- _Problem statement_: I'd like every line from the material below that has "longleftrightarrow" in it.
━━━
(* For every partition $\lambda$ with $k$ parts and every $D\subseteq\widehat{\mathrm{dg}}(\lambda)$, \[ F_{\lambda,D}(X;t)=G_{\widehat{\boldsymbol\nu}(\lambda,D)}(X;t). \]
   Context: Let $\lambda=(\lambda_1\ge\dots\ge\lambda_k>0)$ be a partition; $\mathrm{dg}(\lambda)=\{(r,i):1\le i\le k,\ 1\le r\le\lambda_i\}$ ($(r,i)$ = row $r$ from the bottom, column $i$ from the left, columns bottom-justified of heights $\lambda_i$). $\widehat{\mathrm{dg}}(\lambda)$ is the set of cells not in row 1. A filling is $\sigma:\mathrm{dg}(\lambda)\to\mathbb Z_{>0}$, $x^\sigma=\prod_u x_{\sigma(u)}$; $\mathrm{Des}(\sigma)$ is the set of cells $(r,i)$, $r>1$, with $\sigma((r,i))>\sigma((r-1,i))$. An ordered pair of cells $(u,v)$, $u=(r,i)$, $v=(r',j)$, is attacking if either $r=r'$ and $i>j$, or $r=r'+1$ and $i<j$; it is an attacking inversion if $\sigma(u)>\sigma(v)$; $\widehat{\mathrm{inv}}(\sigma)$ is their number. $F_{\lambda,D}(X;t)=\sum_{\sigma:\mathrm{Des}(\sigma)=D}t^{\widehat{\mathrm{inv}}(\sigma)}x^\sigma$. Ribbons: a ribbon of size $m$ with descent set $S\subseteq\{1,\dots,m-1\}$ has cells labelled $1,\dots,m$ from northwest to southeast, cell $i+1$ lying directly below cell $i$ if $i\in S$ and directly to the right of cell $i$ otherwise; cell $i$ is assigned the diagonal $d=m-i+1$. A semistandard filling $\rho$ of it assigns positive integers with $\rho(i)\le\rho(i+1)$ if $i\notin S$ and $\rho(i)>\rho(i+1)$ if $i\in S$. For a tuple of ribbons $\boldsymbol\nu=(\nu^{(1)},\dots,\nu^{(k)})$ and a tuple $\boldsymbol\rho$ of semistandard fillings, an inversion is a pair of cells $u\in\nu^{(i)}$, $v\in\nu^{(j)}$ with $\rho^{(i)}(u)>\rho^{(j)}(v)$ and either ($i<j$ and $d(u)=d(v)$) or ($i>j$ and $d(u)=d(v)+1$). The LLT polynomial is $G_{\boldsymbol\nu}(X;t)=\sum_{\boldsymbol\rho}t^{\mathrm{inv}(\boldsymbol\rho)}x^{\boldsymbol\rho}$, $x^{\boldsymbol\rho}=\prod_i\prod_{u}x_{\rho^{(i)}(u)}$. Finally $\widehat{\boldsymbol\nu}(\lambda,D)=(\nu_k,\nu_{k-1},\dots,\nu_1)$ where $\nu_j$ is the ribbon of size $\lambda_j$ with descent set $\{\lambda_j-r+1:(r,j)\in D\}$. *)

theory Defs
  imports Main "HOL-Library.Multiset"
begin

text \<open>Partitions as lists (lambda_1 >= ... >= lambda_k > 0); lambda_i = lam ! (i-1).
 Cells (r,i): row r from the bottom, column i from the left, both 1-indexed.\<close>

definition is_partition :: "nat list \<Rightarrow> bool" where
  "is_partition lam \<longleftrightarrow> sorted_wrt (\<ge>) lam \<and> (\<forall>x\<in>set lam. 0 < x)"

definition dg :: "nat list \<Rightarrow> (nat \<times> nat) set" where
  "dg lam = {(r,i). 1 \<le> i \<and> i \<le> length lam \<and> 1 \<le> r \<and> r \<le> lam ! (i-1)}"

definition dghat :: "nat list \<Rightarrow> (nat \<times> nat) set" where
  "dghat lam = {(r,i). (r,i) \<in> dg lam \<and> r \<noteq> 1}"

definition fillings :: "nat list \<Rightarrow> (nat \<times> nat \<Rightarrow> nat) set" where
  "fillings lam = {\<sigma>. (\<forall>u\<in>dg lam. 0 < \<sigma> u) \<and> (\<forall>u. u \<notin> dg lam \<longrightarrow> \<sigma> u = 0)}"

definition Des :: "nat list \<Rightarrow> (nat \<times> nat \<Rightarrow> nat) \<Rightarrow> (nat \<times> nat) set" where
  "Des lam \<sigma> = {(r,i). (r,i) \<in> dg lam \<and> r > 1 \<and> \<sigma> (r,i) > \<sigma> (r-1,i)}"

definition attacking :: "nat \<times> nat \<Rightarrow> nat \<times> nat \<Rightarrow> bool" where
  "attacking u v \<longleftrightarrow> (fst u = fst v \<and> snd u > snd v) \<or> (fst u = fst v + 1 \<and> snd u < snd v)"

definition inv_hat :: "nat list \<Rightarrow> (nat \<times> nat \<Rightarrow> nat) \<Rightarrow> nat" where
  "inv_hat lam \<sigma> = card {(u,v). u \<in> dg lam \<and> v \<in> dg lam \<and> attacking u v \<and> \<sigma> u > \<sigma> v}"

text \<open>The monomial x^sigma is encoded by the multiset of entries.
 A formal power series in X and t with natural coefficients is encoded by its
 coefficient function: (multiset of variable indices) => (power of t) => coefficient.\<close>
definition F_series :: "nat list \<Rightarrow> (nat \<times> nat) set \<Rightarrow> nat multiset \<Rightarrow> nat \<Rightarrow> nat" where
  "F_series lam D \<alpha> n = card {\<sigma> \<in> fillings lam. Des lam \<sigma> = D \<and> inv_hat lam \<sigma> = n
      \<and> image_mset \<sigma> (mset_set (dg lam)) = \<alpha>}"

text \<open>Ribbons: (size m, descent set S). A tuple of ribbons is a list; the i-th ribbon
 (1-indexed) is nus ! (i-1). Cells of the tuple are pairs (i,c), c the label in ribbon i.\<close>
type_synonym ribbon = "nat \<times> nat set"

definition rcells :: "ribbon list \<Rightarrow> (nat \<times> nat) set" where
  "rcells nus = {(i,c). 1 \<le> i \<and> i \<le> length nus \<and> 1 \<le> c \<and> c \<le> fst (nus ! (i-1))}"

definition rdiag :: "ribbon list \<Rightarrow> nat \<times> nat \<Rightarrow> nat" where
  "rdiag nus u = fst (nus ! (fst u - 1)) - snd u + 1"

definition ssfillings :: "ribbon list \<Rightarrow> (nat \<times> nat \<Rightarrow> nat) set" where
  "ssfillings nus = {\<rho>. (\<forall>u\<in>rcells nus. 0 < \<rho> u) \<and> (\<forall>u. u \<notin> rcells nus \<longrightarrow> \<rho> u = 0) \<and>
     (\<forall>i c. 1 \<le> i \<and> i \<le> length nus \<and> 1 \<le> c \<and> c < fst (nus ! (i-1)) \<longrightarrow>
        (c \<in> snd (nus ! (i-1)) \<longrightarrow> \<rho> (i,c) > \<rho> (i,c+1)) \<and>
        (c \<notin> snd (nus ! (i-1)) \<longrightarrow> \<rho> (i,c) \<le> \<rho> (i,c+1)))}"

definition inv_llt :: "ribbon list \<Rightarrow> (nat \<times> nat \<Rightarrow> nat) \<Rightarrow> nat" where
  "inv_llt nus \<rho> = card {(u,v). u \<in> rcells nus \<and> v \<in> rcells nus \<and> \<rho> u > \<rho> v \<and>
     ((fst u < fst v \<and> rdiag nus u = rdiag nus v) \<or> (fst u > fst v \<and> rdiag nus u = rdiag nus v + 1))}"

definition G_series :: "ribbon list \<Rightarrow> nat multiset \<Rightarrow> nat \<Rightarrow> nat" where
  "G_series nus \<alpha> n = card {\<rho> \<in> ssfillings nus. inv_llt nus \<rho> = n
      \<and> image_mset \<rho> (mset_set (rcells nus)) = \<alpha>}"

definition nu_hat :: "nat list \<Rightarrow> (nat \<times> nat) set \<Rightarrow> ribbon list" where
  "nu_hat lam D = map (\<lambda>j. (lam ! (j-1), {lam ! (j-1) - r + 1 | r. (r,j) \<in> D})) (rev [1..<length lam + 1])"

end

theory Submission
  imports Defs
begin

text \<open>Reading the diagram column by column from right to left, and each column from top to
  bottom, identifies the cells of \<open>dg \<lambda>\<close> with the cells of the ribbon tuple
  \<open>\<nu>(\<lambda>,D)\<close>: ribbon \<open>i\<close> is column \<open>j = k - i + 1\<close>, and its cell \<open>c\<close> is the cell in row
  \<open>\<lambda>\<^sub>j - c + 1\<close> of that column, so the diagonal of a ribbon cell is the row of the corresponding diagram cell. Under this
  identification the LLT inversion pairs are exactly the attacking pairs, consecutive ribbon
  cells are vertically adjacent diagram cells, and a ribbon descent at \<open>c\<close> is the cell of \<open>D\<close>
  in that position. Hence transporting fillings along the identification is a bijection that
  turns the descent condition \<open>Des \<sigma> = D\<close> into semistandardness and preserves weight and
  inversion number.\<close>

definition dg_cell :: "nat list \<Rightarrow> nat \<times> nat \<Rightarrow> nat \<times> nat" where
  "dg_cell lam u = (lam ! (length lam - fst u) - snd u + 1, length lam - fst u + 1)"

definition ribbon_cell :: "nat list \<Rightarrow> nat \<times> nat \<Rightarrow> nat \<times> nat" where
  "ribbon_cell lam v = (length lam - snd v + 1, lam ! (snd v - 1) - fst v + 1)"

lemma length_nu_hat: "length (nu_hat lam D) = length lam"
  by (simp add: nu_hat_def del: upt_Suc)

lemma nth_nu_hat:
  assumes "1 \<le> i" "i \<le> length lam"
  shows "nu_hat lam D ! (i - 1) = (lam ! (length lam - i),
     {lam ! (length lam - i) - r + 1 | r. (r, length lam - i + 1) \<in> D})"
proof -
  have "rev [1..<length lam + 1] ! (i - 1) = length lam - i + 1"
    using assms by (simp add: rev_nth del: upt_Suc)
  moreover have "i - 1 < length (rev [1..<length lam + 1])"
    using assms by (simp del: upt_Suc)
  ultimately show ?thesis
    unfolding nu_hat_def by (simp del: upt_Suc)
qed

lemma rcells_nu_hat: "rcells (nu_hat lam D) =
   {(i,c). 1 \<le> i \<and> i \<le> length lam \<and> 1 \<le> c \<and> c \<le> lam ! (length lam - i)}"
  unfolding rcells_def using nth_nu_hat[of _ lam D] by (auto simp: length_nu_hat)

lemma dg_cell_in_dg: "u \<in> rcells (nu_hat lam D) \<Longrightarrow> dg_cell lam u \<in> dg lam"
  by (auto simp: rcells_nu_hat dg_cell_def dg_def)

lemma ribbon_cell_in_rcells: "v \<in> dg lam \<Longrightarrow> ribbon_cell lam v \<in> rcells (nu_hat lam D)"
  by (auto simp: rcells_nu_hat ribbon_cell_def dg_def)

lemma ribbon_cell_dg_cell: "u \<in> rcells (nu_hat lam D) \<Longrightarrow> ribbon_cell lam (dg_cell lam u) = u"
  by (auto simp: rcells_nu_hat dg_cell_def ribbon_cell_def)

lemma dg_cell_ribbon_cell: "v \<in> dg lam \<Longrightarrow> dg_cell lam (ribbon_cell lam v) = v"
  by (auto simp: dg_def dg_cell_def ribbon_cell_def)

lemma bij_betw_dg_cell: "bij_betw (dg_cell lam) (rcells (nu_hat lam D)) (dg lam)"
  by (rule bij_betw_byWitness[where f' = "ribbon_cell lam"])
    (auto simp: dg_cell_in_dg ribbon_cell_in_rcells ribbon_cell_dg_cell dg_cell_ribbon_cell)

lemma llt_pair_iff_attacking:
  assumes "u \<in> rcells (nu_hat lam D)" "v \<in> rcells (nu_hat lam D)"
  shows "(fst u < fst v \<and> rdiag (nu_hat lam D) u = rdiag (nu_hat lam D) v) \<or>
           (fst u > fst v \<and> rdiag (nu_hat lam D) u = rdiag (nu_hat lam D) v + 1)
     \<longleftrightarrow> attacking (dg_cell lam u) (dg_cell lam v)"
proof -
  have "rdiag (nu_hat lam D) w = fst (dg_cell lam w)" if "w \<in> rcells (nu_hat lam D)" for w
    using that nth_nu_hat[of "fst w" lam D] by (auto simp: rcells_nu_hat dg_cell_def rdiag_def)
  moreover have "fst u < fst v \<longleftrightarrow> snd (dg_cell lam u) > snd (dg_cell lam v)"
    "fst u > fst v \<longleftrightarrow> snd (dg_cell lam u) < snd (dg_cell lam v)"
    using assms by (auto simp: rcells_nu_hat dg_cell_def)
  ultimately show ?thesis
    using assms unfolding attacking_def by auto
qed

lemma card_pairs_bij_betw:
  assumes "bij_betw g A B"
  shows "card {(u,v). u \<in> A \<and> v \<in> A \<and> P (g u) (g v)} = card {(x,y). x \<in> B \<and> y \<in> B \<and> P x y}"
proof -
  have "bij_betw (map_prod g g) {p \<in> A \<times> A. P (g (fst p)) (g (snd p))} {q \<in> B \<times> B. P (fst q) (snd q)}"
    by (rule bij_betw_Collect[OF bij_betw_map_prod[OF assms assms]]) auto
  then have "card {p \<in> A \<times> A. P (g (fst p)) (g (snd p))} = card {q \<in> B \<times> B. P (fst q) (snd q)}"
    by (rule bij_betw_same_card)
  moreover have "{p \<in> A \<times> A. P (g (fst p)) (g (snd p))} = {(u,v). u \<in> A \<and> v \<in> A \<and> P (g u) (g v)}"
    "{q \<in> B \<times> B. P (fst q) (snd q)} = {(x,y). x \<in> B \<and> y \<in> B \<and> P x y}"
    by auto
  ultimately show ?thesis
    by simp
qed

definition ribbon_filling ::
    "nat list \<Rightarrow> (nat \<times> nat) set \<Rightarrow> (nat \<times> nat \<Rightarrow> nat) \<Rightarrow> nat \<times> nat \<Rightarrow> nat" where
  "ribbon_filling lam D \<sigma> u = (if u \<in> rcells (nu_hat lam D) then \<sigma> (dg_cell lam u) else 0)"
━━━
- _Solution to the exercise_:
  "is_partition lam \<longleftrightarrow> sorted_wrt (\<ge>) lam \<and> (\<forall>x\<in>set lam. 0 < x)"
  "attacking u v \<longleftrightarrow> (fst u = fst v \<and> snd u > snd v) \<or> (fst u = fst v + 1 \<and> snd u < snd v)"
     \<longleftrightarrow> attacking (dg_cell lam u) (dg_cell lam v)"
  moreover have "fst u < fst v \<longleftrightarrow> snd (dg_cell lam u) > snd (dg_cell lam v)"
    "fst u > fst v \<longleftrightarrow> snd (dg_cell lam u) < snd (dg_cell lam v)"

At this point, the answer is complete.